制度が対立を作る宗教の違いは以前から存在しました。しかし「宗教別に代表を選ぶ制度」が導入されたことで、政治的な利害が宗教ごとに分かれる構造ができたのです。「対立は自然にあったのではなく、制度によって固定された」という視点は、アフリカの民族問題やパレスチナ問題とも共通します。

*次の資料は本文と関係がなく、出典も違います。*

(* Let $F\in\mathcal{P}$ with $K=\sup_{z\in\mathbb{D}}|\arg F(z)|<\frac{\pi}{2}$, and write $K=\arcsin\frac{2R}{1+R^2}$ with $0\le R<1$. If $\varphi$ is a Schwarz-type function with $\|\varphi\|_\infty\le\frac{1-R}{1+R}$, then $T_{F,\varphi}(f)\in\mathcal{P}$ for every $f\in\mathcal{P}$.
   Context: $\mathbb{D}$ is the open unit disk. $\mathcal{P}$ is the set of analytic $f$ on $\mathbb{D}$ with $\mathrm{Re}\,f>0$ and $f(0)=1$. A Schwarz-type function is an analytic $\varphi:\mathbb{D}\to\mathbb{D}$ with $\varphi(0)=0$. $\|\varphi\|_\infty=\sup_{z\in\mathbb{D}}|\varphi(z)|$. $\arg$ is the principal branch with values in $(-\pi,\pi]$. $T_{F,\varphi}(f)=F\cdot(f\circ\varphi)$. *)

theory Defs
  imports "HOL-Complex_Analysis.Complex_Analysis"
begin

definition unit_disk :: "complex set" where
  "unit_disk = ball 0 1"

definition class_P :: "(complex \<Rightarrow> complex) set" where
  "class_P = {f. f holomorphic_on unit_disk \<and> (\<forall>z\<in>unit_disk. Re (f z) > 0) \<and> f 0 = 1}"

definition schwarz_type :: "(complex \<Rightarrow> complex) \<Rightarrow> bool" where
  "schwarz_type \<phi> \<longleftrightarrow> \<phi> holomorphic_on unit_disk \<and> \<phi> ` unit_disk \<subseteq> unit_disk \<and> \<phi> 0 = 0"

definition sup_norm :: "(complex \<Rightarrow> complex) \<Rightarrow> real" where
  "sup_norm \<phi> = (SUP z\<in>unit_disk. cmod (\<phi> z))"

definition T_op :: "(complex \<Rightarrow> complex) \<Rightarrow> (complex \<Rightarrow> complex) \<Rightarrow> (complex \<Rightarrow> complex) \<Rightarrow> (complex \<Rightarrow> complex)" where
  "T_op F \<phi> f = (\<lambda>z. F z * f (\<phi> z))"

end

(*
  With t = tan K = 2R/(1 - R^2), the values of F lie in the sector |Im w| <= t Re w.
  For f in P, (f - 1)/(f + 1) is a Schwarz function, so for |w| < (1 - R)/(1 + R) the value
  f(w) lies in the Apollonius disk (1 + R)|a - 1| < (1 - R)|a + 1|, which is contained in the
  complementary sector t |Im a| < Re a (half-angle pi/2 - K). By the Schwarz lemma,
  |phi(z)| <= ||phi|| |z| < (1 - R)/(1 + R), so F(z) f(phi(z)) is a product of points of two
  sectors whose half-angles add up to less than pi/2, hence has positive real part.
*)
theory Submission
  imports Defs
begin

lemma abs_Im_le_tan_mult_Re:
  assumes Arg: "\<bar>Arg w\<bar> \<le> \<theta>" and \<theta>: "\<theta> < pi / 2"
  shows "\<bar>Im w\<bar> \<le> tan \<theta> * Re w"
proof (cases "w = 0")
  case False
  define \<alpha> where "\<alpha> = \<bar>Arg w\<bar>"
  have \<alpha>: "0 \<le> \<alpha>" "\<alpha> \<le> pi" "\<alpha> \<le> \<theta>"
    using Arg Arg_le_pi[of w] mpi_less_Arg[of w] by (auto simp: \<alpha>_def)
  have "\<bar>sin (Arg w)\<bar> = sin \<alpha>"
    using \<alpha> sin_ge_zero[of "Arg w"] sin_ge_zero[of "- Arg w"] by (auto simp: \<alpha>_def abs_if)
  then have Im: "\<bar>Im w\<bar> = cmod w * sin \<alpha>"
    using False by (simp add: sin_Arg field_simps)
  have Re: "Re w = cmod w * cos \<alpha>"
    using False by (simp add: \<alpha>_def cos_Arg)
  have cos\<theta>: "cos \<theta> > 0"
    using \<alpha> \<theta> by (intro cos_gt_zero_pi) auto
  have "0 \<le> sin (\<theta> - \<alpha>)"
    using \<alpha> \<theta> by (intro sin_ge_zero) auto
  then have "sin \<alpha> * cos \<theta> \<le> sin \<theta> * cos \<alpha>"
    by (simp add: sin_diff mult.commute)
  then have "sin \<alpha> \<le> tan \<theta> * cos \<alpha>"
    using cos\<theta> by (simp add: tan_def field_simps)
  then show ?thesis
    using Im Re by (simp add: mult_left_mono mult.left_commute)
qed simp

lemma tan_arcsin:
  assumes "\<bar>x\<bar> < 1"
  shows "tan (arcsin x) = x / sqrt (1 - x\<^sup>2)"
  using assms by (simp add: tan_def cos_arcsin abs_less_iff)

lemma tan_arcsin_double:
  fixes R :: real
  assumes "0 \<le> R" "R < 1"
  shows "tan (arcsin (2 * R / (1 + R\<^sup>2))) = 2 * R / (1 - R\<^sup>2)"
proof -
  have nz: "1 + R\<^sup>2 \<noteq> 0"
    by (metis add_pos_nonneg less_irrefl zero_le_power2 zero_less_one)
  have "1 - (2 * R / (1 + R\<^sup>2))\<^sup>2 = ((1 + R\<^sup>2)\<^sup>2 - (2 * R)\<^sup>2) / (1 + R\<^sup>2)\<^sup>2"
    using nz by (simp add: power_divide diff_divide_distrib)
  also have "\<dots> = ((1 - R\<^sup>2) / (1 + R\<^sup>2))\<^sup>2"
    by (simp add: power_divide power2_eq_square algebra_simps)
  finally have "sqrt (1 - (2 * R / (1 + R\<^sup>2))\<^sup>2) = (1 - R\<^sup>2) / (1 + R\<^sup>2)"
    using assms by (simp add: abs_square_le_1)
  moreover have "\<bar>2 * R / (1 + R\<^sup>2)\<bar> < 1"
  proof -
    have "0 < (1 - R)\<^sup>2"
      using assms by simp
    then have "2 * R < 1 + R\<^sup>2"
      by (simp add: power2_eq_square algebra_simps)
    then show ?thesis
      using assms by simp
  qed
  ultimately show ?thesis
    using nz by (simp add: tan_arcsin)
qed

lemma Schwarz_Lemma_le:
  assumes holf: "f holomorphic_on ball 0 1" and f0: "f 0 = 0"
    and bound: "\<And>z. norm z < 1 \<Longrightarrow> norm (f z) \<le> 1"
    and \<xi>: "norm \<xi> < 1"
  shows "norm (f \<xi>) \<le> norm \<xi>"
proof (rule field_le_mult_one_interval)
  fix s :: real
  assume s: "0 < s" "s < 1"
  have "norm ((\<lambda>z. of_real s * f z) \<xi>) \<le> norm \<xi>"
  proof (rule Schwarz_Lemma(1)[OF _ _ _ \<xi>])
    show "(\<lambda>z. of_real s * f z) holomorphic_on ball 0 1"
      by (intro holomorphic_intros holf)
    show "norm (of_real s * f z) < 1" if "norm z < 1" for z
    proof -
      have "norm (of_real s * f z) = s * norm (f z)"
        using s by (simp add: norm_mult)
      also have "\<dots> \<le> s"
        using bound[OF that] s by (intro mult_left_le) auto
      finally show ?thesis
        using s by simp
    qed
  qed (simp add: f0)
  then show "s * norm (f \<xi>) \<le> norm \<xi>"
    using s by (simp add: norm_mult)
qed

lemma schwarz_type_norm_le:
  assumes "schwarz_type \<phi>" and z: "z \<in> unit_disk"
  shows "norm (\<phi> z) \<le> sup_norm \<phi> * norm z"
proof -
  have hol: "\<phi> holomorphic_on ball 0 1" and maps: "\<And>z. norm z < 1 \<Longrightarrow> norm (\<phi> z) < 1"
    and "\<phi> 0 = 0"
    using assms(1) by (auto simp: schwarz_type_def unit_disk_def image_subset_iff)
  have le_sup: "norm (\<phi> x) \<le> sup_norm \<phi>" if "norm x < 1" for x
    unfolding sup_norm_def using that maps
    by (intro cSUP_upper) (auto simp: unit_disk_def bdd_above_def intro!: exI[of _ 1] less_imp_le)
  show ?thesis
  proof (cases "sup_norm \<phi> = 0")
    case True
    then show ?thesis
      using le_sup[of z] z by (simp add: unit_disk_def)
  next
    case False
    then have pos: "0 < sup_norm \<phi>"
      using le_sup[of 0] \<open>\<phi> 0 = 0\<close> by simp
    have "norm (\<phi> z / of_real (sup_norm \<phi>)) \<le> norm z"
      using pos z le_sup \<open>\<phi> 0 = 0\<close>
      by (intro Schwarz_Lemma_le holomorphic_intros hol)
        (auto simp: unit_disk_def norm_divide divide_le_eq)
    then show ?thesis
      using pos by (simp add: norm_divide divide_le_eq mult.commute)
  qed
qed

lemma schwarz_type_norm_lt:
  assumes "schwarz_type \<phi>" "sup_norm \<phi> \<le> r" "0 < r" "z \<in> unit_disk"
  shows "norm (\<phi> z) < r"
proof -
  have "norm (\<phi> z) \<le> sup_norm \<phi> * norm z"
    using assms(1,4) by (rule schwarz_type_norm_le)
  also have "\<dots> \<le> r * norm z"
    using assms(2) by (rule mult_right_mono) simp
  also have "\<dots> < r * 1"
    using assms(3,4) by (intro mult_strict_left_mono) (auto simp: unit_disk_def)
  finally show ?thesis
    by simp
qed

lemma norm_diff_one_lt_norm_add_one:
  fixes a :: complex
  assumes "0 < Re a"
  shows "norm (a - 1) < norm (a + 1)"
proof -
  have "(norm (a - 1))\<^sup>2 < (norm (a + 1))\<^sup>2"
    using assms by (simp only: cmod_power2) (simp add: power2_eq_square algebra_simps)
  then show ?thesis
    by (rule power_less_imp_less_base) simp
qed

lemma class_P_add_one_nonzero:
  assumes "f \<in> class_P" and "w \<in> unit_disk"
  shows "f w + 1 \<noteq> 0"
proof
  assume "f w + 1 = 0"
  then have "Re (f w) = -1"
    by (simp add: complex_eq_iff)
  with assms show False
    by (auto simp: class_P_def)
qed

lemma class_P_norm_diff_one_le:
  assumes f: "f \<in> class_P" and w: "w \<in> unit_disk"
  shows "norm (f w - 1) \<le> norm w * norm (f w + 1)"
proof -
  have hol: "f holomorphic_on ball 0 1" and pos: "\<And>z. norm z < 1 \<Longrightarrow> 0 < Re (f z)"
    and "f 0 = 1"
    using f by (auto simp: class_P_def unit_disk_def)
  have nz: "f z + 1 \<noteq> 0" if "norm z < 1" for z
    using class_P_add_one_nonzero[OF f] that by (simp add: unit_disk_def)
  have "norm ((f w - 1) / (f w + 1)) \<le> norm w"
  proof (rule Schwarz_Lemma(1))
    show "(\<lambda>z. (f z - 1) / (f z + 1)) holomorphic_on ball 0 1"
      using nz by (intro holomorphic_intros hol) auto
    show "norm ((f z - 1) / (f z + 1)) < 1" if "norm z < 1" for z
      using norm_diff_one_lt_norm_add_one[OF pos[OF that]] nz[OF that] by (simp add: norm_divide)
  qed (use \<open>f 0 = 1\<close> w in \<open>auto simp: unit_disk_def\<close>)
  then show ?thesis
    using nz w by (simp add: norm_divide divide_le_eq unit_disk_def)
qed

lemma abs_Im_lt_of_norm_diff_one_lt:
  fixes a :: complex and R :: real
  assumes R: "0 \<le> R" "R \<le> 1" and disk: "(1 + R) * norm (a - 1) < (1 - R) * norm (a + 1)"
  shows "2 * R * \<bar>Im a\<bar> < (1 - R\<^sup>2) * Re a"
proof -
  define x y where "x = Re a" and "y = Im a"
  have "((1 + R) * norm (a - 1))\<^sup>2 < ((1 - R) * norm (a + 1))\<^sup>2"
    using disk R by (intro power_strict_mono) auto
  then have "(1 + R)\<^sup>2 * ((x - 1)\<^sup>2 + y\<^sup>2) < (1 - R)\<^sup>2 * ((x + 1)\<^sup>2 + y\<^sup>2)"
    by (simp add: x_def y_def cmod_power2 power_mult_distrib)
  moreover have "(1 - R)\<^sup>2 * ((x + 1)\<^sup>2 + y\<^sup>2) - (1 + R)\<^sup>2 * ((x - 1)\<^sup>2 + y\<^sup>2)
      = 4 * ((1 + R\<^sup>2) * x - R * (x\<^sup>2 + y\<^sup>2 + 1))"
    by (simp add: power2_eq_square algebra_simps)
  ultimately have circle: "R * (x\<^sup>2 + y\<^sup>2 + 1) < (1 + R\<^sup>2) * x"
    by simp
  have "0 < (1 + R\<^sup>2) * x"
    using circle R by (smt (verit) mult_nonneg_nonneg zero_le_power2)
  moreover have "0 < 1 + R\<^sup>2"
    by (simp add: add_pos_nonneg)
  ultimately have x: "0 < x"
    by (simp add: zero_less_mult_iff)
  have "4 * R\<^sup>2 * (x\<^sup>2 + y\<^sup>2) \<le> (R * (x\<^sup>2 + y\<^sup>2 + 1))\<^sup>2"
  proof -
    have "(R * (x\<^sup>2 + y\<^sup>2 + 1))\<^sup>2 = (R * (x\<^sup>2 + y\<^sup>2 - 1))\<^sup>2 + 4 * R\<^sup>2 * (x\<^sup>2 + y\<^sup>2)"
      by (simp add: power2_eq_square algebra_simps)
    then show ?thesis
      by simp
  qed
  also have "\<dots> < ((1 + R\<^sup>2) * x)\<^sup>2"
    using circle R by (intro power_strict_mono) auto
  also have "\<dots> = 4 * R\<^sup>2 * x\<^sup>2 + ((1 - R\<^sup>2) * x)\<^sup>2"
    by (simp add: power2_eq_square algebra_simps)
  finally have "(2 * R * \<bar>y\<bar>)\<^sup>2 < ((1 - R\<^sup>2) * x)\<^sup>2"
    by (simp add: distrib_left power_mult_distrib)
  moreover have "0 \<le> (1 - R\<^sup>2) * x"
    using R x by (simp add: power_le_one)
  ultimately show ?thesis
    by (auto simp: x_def y_def dest: power_less_imp_less_base)
qed

lemma Re_mult_pos_of_sector:
  fixes a b :: complex
  assumes b: "0 < Re b" "\<bar>Im b\<bar> \<le> t * Re b" and a: "t * \<bar>Im a\<bar> < Re a"
  shows "0 < Re (b * a)"
proof -
  have "\<bar>Im b * Im a\<bar> \<le> t * Re b * \<bar>Im a\<bar>"
    using b(2) by (simp add: abs_mult mult_right_mono)
  also have "\<dots> = Re b * (t * \<bar>Im a\<bar>)"
    by simp
  also have "\<dots> < Re b * Re a"
    using a b(1) by simp
  finally show ?thesis
    by simp
qed

lemma class_P_sector:
  assumes f: "f \<in> class_P" and R: "0 \<le> R" "R < 1" and w: "norm w < (1 - R) / (1 + R)"
  shows "2 * R * \<bar>Im (f w)\<bar> < (1 - R\<^sup>2) * Re (f w)"
proof (rule abs_Im_lt_of_norm_diff_one_lt)
  have "(1 - R) / (1 + R) \<le> 1"
    using R by simp
  then have w_disk: "w \<in> unit_disk"
    using w by (simp add: unit_disk_def)
  have "(1 + R) * norm (f w - 1) \<le> (1 + R) * (norm w * norm (f w + 1))"
    using class_P_norm_diff_one_le[OF f w_disk] R by simp
  also have "\<dots> < (1 - R) * norm (f w + 1)"
    using w R class_P_add_one_nonzero[OF f w_disk] by (simp add: less_divide_eq mult_ac)
  finally show "(1 + R) * norm (f w - 1) < (1 - R) * norm (f w + 1)" .
qed (use R in auto)

lemma abs_Arg_le_SUP:
  assumes "z \<in> A"
  shows "\<bar>Arg (F z)\<bar> \<le> (SUP z\<in>A. \<bar>Arg (F z)\<bar>)"
proof -
  have "\<bar>Arg w\<bar> \<le> pi" for w
    using Arg_le_pi[of w] mpi_less_Arg[of w] by linarith
  then show ?thesis
    using assms by (intro cSUP_upper bdd_aboveI2) auto
qed

lemma T_op_in_class_P_iff:
  assumes "F \<in> class_P" "schwarz_type \<phi>" "f \<in> class_P"
  shows "T_op F \<phi> f \<in> class_P \<longleftrightarrow> (\<forall>z\<in>unit_disk. 0 < Re (F z * f (\<phi> z)))"
proof -
  have "(\<lambda>z. F z * f (\<phi> z)) holomorphic_on unit_disk"
    using assms
    by (intro holomorphic_intros holomorphic_on_compose_gen[of \<phi> _ f _, unfolded o_def])
      (auto simp: class_P_def schwarz_type_def)
  then show ?thesis
    using assms by (simp add: class_P_def schwarz_type_def T_op_def)
qed

theorem proposition3p5:
  fixes F \<phi> :: "complex \<Rightarrow> complex" and R :: real
  assumes "F \<in> class_P"
    and "(SUP z\<in>unit_disk. \<bar>Arg (F z)\<bar>) < pi / 2"
    and "0 \<le> R" and "R < 1"
    and "(SUP z\<in>unit_disk. \<bar>Arg (F z)\<bar>) = arcsin (2 * R / (1 + R\<^sup>2))"
    and "schwarz_type \<phi>"
    and "sup_norm \<phi> \<le> (1 - R) / (1 + R)"
  shows "\<forall>f\<in>class_P. T_op F \<phi> f \<in> class_P"
proof (intro ballI iffD2[OF T_op_in_class_P_iff[OF assms(1,6)]])
  fix f z assume f: "f \<in> class_P" and z: "z \<in> unit_disk"
  define K where "K = (SUP z\<in>unit_disk. \<bar>Arg (F z)\<bar>)"
  have tan_K: "tan K = 2 * R / (1 - R\<^sup>2)"
    using assms(3,4,5) by (simp add: K_def tan_arcsin_double)
  show "0 < Re (F z * f (\<phi> z))"
  proof (rule Re_mult_pos_of_sector)
    show "0 < Re (F z)"
      using assms(1) z by (simp add: class_P_def)
    show "\<bar>Im (F z)\<bar> \<le> tan K * Re (F z)"
      using abs_Arg_le_SUP[OF z] assms(2) by (intro abs_Im_le_tan_mult_Re) (simp_all add: K_def)
    have "norm (\<phi> z) < (1 - R) / (1 + R)"
      using assms(3,4,6,7) z by (intro schwarz_type_norm_lt) auto
    then have "2 * R * \<bar>Im (f (\<phi> z))\<bar> < (1 - R\<^sup>2) * Re (f (\<phi> z))"
      by (rule class_P_sector[OF f assms(3,4)])
    moreover have "0 < 1 - R\<^sup>2"
      using assms(3,4) by (simp add: abs_square_less_1)
    ultimately show "tan K * \<bar>Im (f (\<phi> z))\<bar> < Re (f (\<phi> z))"
      by (simp add: tan_K field_simps)
  qed
qed

end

分割令の撤回では終わらない1911年に分割令は撤回されましたが、ヒンドゥーとムスリムの政治的分断という結果は残りました。「撤回されたから問題は解決した」と書くと誤りです。
その後 — ガンディーと独立へ
- 第一次世界大戦で、イギリスは戦後の自治を示唆してインドから兵士と物資を動員した。
- しかし戦後、自治は与えられず、逆にローラット法で令状なしの逮捕を可能にするなど弾圧を強めた。
- この裏切りに対し、ガンディーが非暴力・不服従(サティヤーグラハ)の運動を開始した。
- 塩の行進(1930年)——イギリスが専売していた塩を自ら作るという行為で、植民地支配の不当性を象徴的に示した。
- ネルーら国民会議は完全独立(プールナ=スワラージ)を決議した。
- 第二次世界大戦後の1947年、インドとパキスタンに分離して独立した。
ガンディーの手法の意味非暴力・不服従は道徳的な選択であると同時に、きわめて有効な戦術でした。武力で対抗すれば圧倒的な軍事力に潰されますが、非暴力の抵抗を弾圧すれば、支配の不当性が国際的に可視化されるからです。「弱者が強者に対抗する方法」として、公民権運動にも影響を与えました。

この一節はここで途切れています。